Jason became aware Kennedy was watching him in the side mirror. The sunglasses made it hard to be sure, but he could feel that steady regard, even if he couldn’t see it.
He was newly, uncomfortably aware of how he must have come across earlier. Brash. Cocky. Contentious. Partly he had been reacting to Kennedy’s not even pretending to consult with him. Partly…he had been irritated with himself for not having the gumption to refuse Manning’s request. You didn’t earn promotions by refusing favors to head honchos—however ill-thought-out those requests might be. His irritation, impatience with the situation, had been acerbated by Kennedy’s obvious displeasure at being partnered with him. But why wouldn’t Kennedy be displeased at being saddled with what amounted to a handler?
A handler with a fraction of his experience with violent crime.
Jason winced inwardly. He didn’t like thinking he had been playing the role of company stooge. That was not who he was. Though very likely that was what SAC Manning was looking for from him. And it was probably how he appeared to Kennedy.
Well, you only had one chance to make a first impression and…no. So moving forward, he would try not to be such a prick.

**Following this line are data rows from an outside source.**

(* For every odd $n\ge 1$, the permutation $\zeta_n$, which has length $(n^2+1)/2$, contains a subsequence order-isomorphic to every permutation of length $n$.
   Context: The word $z_n$ is the concatenation of $n$ runs $r_1\cdots r_n$, where for odd $k$, $r_k$ lists the odd integers in $[n]$ increasingly and for even $k$, $r_k$ lists the even integers in $[n]$ decreasingly. The permutation $\zeta_n$ of length $|z_n|$ is the unique permutation such that for $i\ne j$: $\zeta_n(i)>\zeta_n(j)$ iff either $z_n(i)>z_n(j)$, or $z_n(i)=z_n(j)$ and $i<j$. Words $u,v$ of length $k$ are order-isomorphic if $u(i)>u(j)\iff v(i)>v(j)$ for all $i,j\in[k]$. *)

theory Defs
  imports Main "HOL-Library.Sublist"
begin

definition zrun :: "nat \<Rightarrow> nat \<Rightarrow> nat list" where
  "zrun n k = (if odd k then filter odd [1..<n+1] else rev (filter even [1..<n+1]))"

definition zword :: "nat \<Rightarrow> nat list" where
  "zword n = concat (map (zrun n) [1..<n+1])"

definition is_perm :: "nat \<Rightarrow> nat list \<Rightarrow> bool" where
  "is_perm m p \<longleftrightarrow> distinct p \<and> set p = {1..m}"

definition zeta :: "nat \<Rightarrow> nat list" where
  "zeta n = (THE p. is_perm (length (zword n)) p \<and>
     (\<forall>i < length (zword n). \<forall>j < length (zword n). i \<noteq> j \<longrightarrow>
        (p ! i > p ! j \<longleftrightarrow>
           (zword n ! i > zword n ! j \<or> (zword n ! i = zword n ! j \<and> i < j)))))"

definition order_iso :: "nat list \<Rightarrow> nat list \<Rightarrow> bool" where
  "order_iso u v \<longleftrightarrow> length u = length v \<and>
     (\<forall>i < length u. \<forall>j < length u. (u ! i > u ! j \<longleftrightarrow> v ! i > v ! j))"

end

theory Submission
  imports Defs "HOL-Library.Product_Lexorder"
begin

text \<open>A word with letters in \<open>{1..n}\<close> embeds into \<open>z\<^sub>n\<close> greedily: each letter stays in the
  current run if it has the same parity as its predecessor and comes later in that run (odd runs
  increase, even runs decrease), moves to the next run if the parity changes, and two runs further
  otherwise. As \<open>\<zeta>\<^sub>n\<close> is the standardization of \<open>z\<^sub>n\<close>, embedding any word whose
  standardization is \<open>\<pi>\<close> into the first \<open>n\<close> runs yields an occurrence of \<open>\<pi>\<close> in \<open>\<zeta>\<^sub>n\<close>.

  If \<open>c + 1\<close> precedes \<open>c\<close> in \<open>\<pi>\<close> without being adjacent to it, merging \<open>c + 1\<close> into \<open>c\<close>
  gives a word \<open>w\<close> without equal adjacent letters such that \<open>w\<close> and \<open>w + 1\<close> both standardize
  to \<open>\<pi>\<close>; their greedy embeddings end in runs adding up to \<open>2n + 1\<close>, so one of them ends in a run
  \<open>\<le> n\<close>. Otherwise \<open>\<pi>\<close> is layered, and its own greedy embedding uses at most one run per
  letter, plus one while the current decreasing block starts at an even value.\<close>

section \<open>Permutations and standardization\<close>

lemma is_perm_length: "is_perm L p \<Longrightarrow> length p = L"
  unfolding is_perm_def by (metis card_atLeastAtMost diff_Suc_1 distinct_card)

lemma is_perm_nth_eq_iff:
  assumes "is_perm n p" "i < n" "j < n"
  shows "p ! i = p ! j \<longleftrightarrow> i = j"
  using assms is_perm_length[OF assms(1)] unfolding is_perm_def by (simp add: nth_eq_iff_index_eq)

lemma is_perm_nth_range:
  assumes "is_perm n p" "i < n"
  shows "p ! i \<in> {1..n}"
  using assms is_perm_length[OF assms(1)] unfolding is_perm_def by (metis nth_mem)

lemma is_perm_surj:
  assumes "is_perm n p" "v \<in> {1..n}"
  shows "\<exists>i<n. p ! i = v"
  using assms is_perm_length[OF assms(1)] unfolding is_perm_def by (metis in_set_conv_nth)

lemma is_perm_nth_eq_card_less:
  assumes perm: "is_perm L p" and "i < L"
  shows "p ! i = Suc (card {j. j < L \<and> p ! j < p ! i})"
proof -
  have "(!) p ` {j. j < L \<and> p ! j < p ! i} = {1..<p ! i}"
  proof
    show "(!) p ` {j. j < L \<and> p ! j < p ! i} \<subseteq> {1..<p ! i}"
      using is_perm_nth_range[OF perm] by force
    show "{1..<p ! i} \<subseteq> (!) p ` {j. j < L \<and> p ! j < p ! i}"
    proof
      fix v assume v: "v \<in> {1..<p ! i}"
      then have "v \<in> {1..L}" using is_perm_nth_range[OF perm \<open>i < L\<close>] by auto
      then obtain j where "j < L" "p ! j = v" using is_perm_surj[OF perm] by blast
      then show "v \<in> (!) p ` {j. j < L \<and> p ! j < p ! i}" using v by auto
    qed
  qed
  moreover have "inj_on ((!) p) {j. j < L \<and> p ! j < p ! i}"
    using is_perm_nth_eq_iff[OF perm] by (auto simp: inj_on_def)
  moreover have "1 \<le> p ! i" using is_perm_nth_range[OF assms] by simp
  ultimately show ?thesis by (metis card_image card_atLeastLessThan Suc_diff_le diff_Suc_1)
qed

lemma ranking_is_perm:
  fixes key :: "nat \<Rightarrow> 'a::linorder"
  assumes "inj_on key {..<L}"
  defines "rank \<equiv> \<lambda>i. Suc (card {j. j < L \<and> key j < key i})"
  shows "is_perm L (map rank [0..<L])"
    and "i < L \<Longrightarrow> j < L \<Longrightarrow> rank j < rank i \<longleftrightarrow> key j < key i"
proof -
  have less: "rank j < rank i" if "key j < key i" "j < L" for i j
  proof -
    have "{l. l < L \<and> key l < key j} \<subset> {l. l < L \<and> key l < key i}"
      using that by auto
    then show ?thesis unfolding rank_def by (simp add: psubset_card_mono)
  qed
  show iff: "rank j < rank i \<longleftrightarrow> key j < key i" if "i < L" "j < L" for i j
  proof
    assume "rank j < rank i"
    moreover have "key i = key j \<Longrightarrow> i = j" using assms(1) that by (auto dest: inj_onD)
    ultimately show "key j < key i" using less[of i j] that by (cases "key i" "key j" rule: linorder_cases) auto
  qed (rule less[OF _ that(2)])
  have dist: "distinct (map rank [0..<L])"
  proof (unfold distinct_map, intro conjI inj_onI)
    fix i j assume "i \<in> set [0..<L]" "j \<in> set [0..<L]" "rank i = rank j"
    then show "i = j" using iff[of i j] iff[of j i] assms(1)
      by (cases "key i" "key j" rule: linorder_cases) (auto dest: inj_onD)
  qed simp
  have "rank i \<in> {1..L}" if "i < L" for i
  proof -
    have "{j. j < L \<and> key j < key i} \<subseteq> {..<L} - {i}" by auto
    then have "card {j. j < L \<and> key j < key i} \<le> L - 1"
      using that by (metis card_Diff_singleton card_lessThan card_mono finite_Diff finite_lessThan lessThan_iff)
    then show ?thesis using that unfolding rank_def by auto
  qed
  then have "set (map rank [0..<L]) \<subseteq> {1..L}" by auto
  moreover have "card (set (map rank [0..<L])) = L" using distinct_card[OF dist] by simp
  ultimately show "is_perm L (map rank [0..<L])"
    using dist unfolding is_perm_def by (simp add: card_subset_eq)
qed

definition standardizes :: "nat list \<Rightarrow> nat list \<Rightarrow> bool" where
  "standardizes p w \<longleftrightarrow> length p = length w \<and>
     (\<forall>i < length w. \<forall>j < length w. i \<noteq> j \<longrightarrow>
        (p ! i > p ! j \<longleftrightarrow> (w ! i > w ! j \<or> (w ! i = w ! j \<and> i < j))))"

lemma standardization_ex1: "\<exists>!p. is_perm (length w) p \<and> standardizes p w"
proof -
  define L where "L = length w"
  \<comment> \<open>positions ordered by their letters, equal letters from right to left\<close>
  define key where "key i = (w ! i, L - i)" for i
  define rank where "rank i = Suc (card {j. j < L \<and> key j < key i})" for i
  have "inj_on key {..<L}" unfolding key_def by (rule inj_onI) auto
  note ranking = ranking_is_perm[OF this, folded rank_def]
  have key_less: "key j < key i \<longleftrightarrow> w ! i > w ! j \<or> (w ! i = w ! j \<and> i < j)"
    if "i < L" "j < L" for i j
    using that unfolding key_def by (auto simp: less_prod_def)
  have "standardizes (map rank [0..<L]) w"
    unfolding standardizes_def using ranking(2) key_less by (simp add: L_def)
  moreover have "p = map rank [0..<L]" if "is_perm L p" "standardizes p w" for p
  proof (rule nth_equalityI)
    show "length p = length (map rank [0..<L])" using is_perm_length[OF that(1)] by simp
    fix i assume "i < length p"
    then have i: "i < L" using is_perm_length[OF that(1)] by simp
    have "{j. j < L \<and> p ! j < p ! i} = {j. j < L \<and> key j < key i}"
      using that(2) i key_less unfolding standardizes_def L_def by (auto simp: key_def)
    then show "p ! i = map rank [0..<L] ! i"
      using is_perm_nth_eq_card_less[OF that(1) i] i by (simp add: rank_def)
  qed
  ultimately show ?thesis using ranking(1) unfolding L_def by blast
qed

lemma zeta_standardizes: "is_perm (length (zword n)) (zeta n) \<and> standardizes (zeta n) (zword n)"
proof -
  have "is_perm (length (zword n)) p \<and> standardizes p (zword n) \<longleftrightarrow>
    is_perm (length (zword n)) p \<and> (\<forall>i < length (zword n). \<forall>j < length (zword n). i \<noteq> j \<longrightarrow>
        (p ! i > p ! j \<longleftrightarrow> (zword n ! i > zword n ! j \<or> (zword n ! i = zword n ! j \<and> i < j))))"
    for p
    unfolding standardizes_def using is_perm_length by blast
  then have "zeta n = (THE p. is_perm (length (zword n)) p \<and> standardizes p (zword n))"
    unfolding zeta_def by presburger
  then show ?thesis using theI'[OF standardization_ex1] by simp
qed

lemma length_zeta: "length (zeta n) = length (zword n)"
  using zeta_standardizes by (blast dest: is_perm_length)

lemma standardizes_order_iso:
  assumes "standardizes p w" "standardizes q w"
  shows "order_iso p q"
  unfolding order_iso_def
proof (intro conjI allI impI)
  show "length p = length q" using assms unfolding standardizes_def by simp
  fix i j assume "i < length p" "j < length p"
  then show "p ! i > p ! j \<longleftrightarrow> q ! i > q ! j"
    using assms unfolding standardizes_def by (cases "i = j") auto
qed

lemma standardizes_restrict:
  assumes "standardizes p z" "strict_mono_on {..<m} f" "\<forall>k<m. f k < length z"
  shows "standardizes (map (\<lambda>k. p ! f k) [0..<m]) (map (\<lambda>k. z ! f k) [0..<m])"
    (is "standardizes ?p ?z")
  unfolding standardizes_def
proof (intro conjI allI impI)
  fix i j assume "i < length ?z" "j < length ?z" "i \<noteq> j"
  then have ij: "i < m" "j < m" "i \<noteq> j" by auto
  then have "f i \<noteq> f j" "f i < f j \<longleftrightarrow> i < j"
    using assms(2) by (auto simp: strict_mono_on_def) (metis linorder_neqE less_asym)+
  then show "?p ! i > ?p ! j \<longleftrightarrow> ?z ! i > ?z ! j \<or> (?z ! i = ?z ! j \<and> i < j)"
    using assms(1,3) ij unfolding standardizes_def by auto
qed simp

lemma subseq_map_nth_strict_mono:
  assumes "strict_mono_on {..<m} f" "\<forall>k<m. f k < length xs"
  shows "subseq (map (\<lambda>k. xs ! f k) [0..<m]) xs"
proof -
  have "subseq (map (\<lambda>k. xs ! f k) [0..<m]) (take b xs)"
    if "\<forall>k<m. f k < b" "b \<le> length xs" for b
    using that assms(1)
  proof (induction m arbitrary: b)
    case 0 then show ?case by simp
  next
    case (Suc m)
    have fm: "f m < b" using Suc.prems(1) by simp
    have "strict_mono_on {..<m} f" "\<forall>k<m. f k < f m"
      using Suc.prems(3) by (auto simp: strict_mono_on_def)
    then have init: "subseq (map (\<lambda>k. xs ! f k) [0..<m]) (take (f m) xs)"
      using Suc.IH[of "f m"] fm Suc.prems(2) by simp
    have last: "subseq [xs ! f m] (xs ! f m # drop (Suc (f m)) (take b xs))" by simp
    have split: "take b xs = take (f m) xs @ xs ! f m # drop (Suc (f m)) (take b xs)"
    proof -
      have "take b xs = take (f m) (take b xs) @ take b xs ! f m # drop (Suc (f m)) (take b xs)"
        by (rule id_take_nth_drop) (use fm Suc.prems(2) in simp)
      then show ?thesis using fm by simp
    qed
    show ?case using list_emb_append_mono[OF init last] by (subst split) simp
  qed
  from this[of "length xs"] show ?thesis using assms(2) by simp
qed
theorem theoremA4:
  fixes P :: "'s::finite \<Rightarrow> 'a::finite \<Rightarrow> 's \<Rightarrow> real"
    and mu :: "'s \<Rightarrow> real"
    and R :: "'s \<Rightarrow> 'a \<Rightarrow> real"
    and \<gamma> :: real
    and pih piav pistar :: "'s \<Rightarrow> 'a \<Rightarrow> real"
    and T :: "'s \<Rightarrow> real"
  assumes trans: "is_transition P"
    and init: "is_distribution mu"
    and gamma: "0 < \<gamma>" "\<gamma> < 1"
    and pol_h: "is_policy pih"
    and pol_av: "is_policy piav"
    and switch: "\<forall>s. T s \<in> {0, 1}"
    and opt: "is_policy pistar"
             "\<forall>p. is_policy p \<longrightarrow> J P mu R \<gamma> p \<le> J P mu R \<gamma> pistar"
    and pos: "(\<Sum>s\<in>UNIV. visit P mu \<gamma> (mix_policy T pih piav) s
                 * (\<Sum>a\<in>UNIV. \<bar>pih s a - piav s a\<bar>)) > 0"
  shows
    "let pimix = mix_policy T pih piav;
         D = (\<Sum>s\<in>UNIV. visit P mu \<gamma> pimix s * (\<Sum>a\<in>UNIV. \<bar>pih s a - piav s a\<bar>));
         \<beta> = (\<Sum>s\<in>UNIV. visit P mu \<gamma> pimix s * (\<Sum>a\<in>UNIV. \<bar>T s * (pih s a - piav s a)\<bar>)) / D
     in \<bar>J P mu R \<gamma> pistar - J P mu R \<gamma> piav\<bar>
          \<le> \<beta> * Rmax R / (1 - \<gamma>)^2 * D + \<bar>J P mu R \<gamma> pistar - J P mu R \<gamma> pimix\<bar>"
proof -
  interpret discounted_mdp P \<gamma>
    using trans gamma by unfold_locales auto
  define pimix where "pimix = mix_policy T pih piav"
  define D where "D = (\<Sum>s\<in>UNIV. visit P mu \<gamma> pimix s * (\<Sum>a\<in>UNIV. \<bar>pih s a - piav s a\<bar>))"
  define N where "N = (\<Sum>s\<in>UNIV. visit P mu \<gamma> pimix s * (\<Sum>a\<in>UNIV. \<bar>T s * (pih s a - piav s a)\<bar>))"
  have "0 \<le> T s \<and> T s \<le> 1" for s
    using switch by (metis empty_iff insert_iff order_refl zero_le_one)
  then have "is_policy pimix"
    unfolding pimix_def by (rule is_policy_mix_policy[OF pol_h pol_av])
  then have "\<bar>J P mu R \<gamma> pimix - J P mu R \<gamma> piav\<bar> \<le> Rmax R / (1 - \<gamma>)^2 * N"
    using performance_difference_bound[OF _ pol_av init, of pimix R]
    by (simp add: N_def expect_def pimix_def mix_policy_minus_right)
  moreover have "N / D * Rmax R / (1 - \<gamma>)^2 * D = Rmax R / (1 - \<gamma>)^2 * N"
    using pos unfolding D_def pimix_def by simp
  ultimately show ?thesis
    unfolding Let_def pimix_def[symmetric] D_def[symmetric] N_def[symmetric] by linarith
qed

end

And maybe Kennedy, who was almost certainly a congenital prick, would stop treating him like the enemy. It would make the job easier for both of them—and allow them to better serve the people they were there to help.
The road jogged to the left, and they pulled through a gate that looked more like a car had busted a wide hole in the sagging fence. The dwelling was a single-story ranch style painted a dusty red. The doors and shutters were an equally faded blue.
The chief parked next to a white pickup truck, and they climbed out.
It was the kind of place where you expected to be greeted by a barking dog, but there was no dog. No sign of any life. Jason felt an uneasy prickle between his shoulder blades.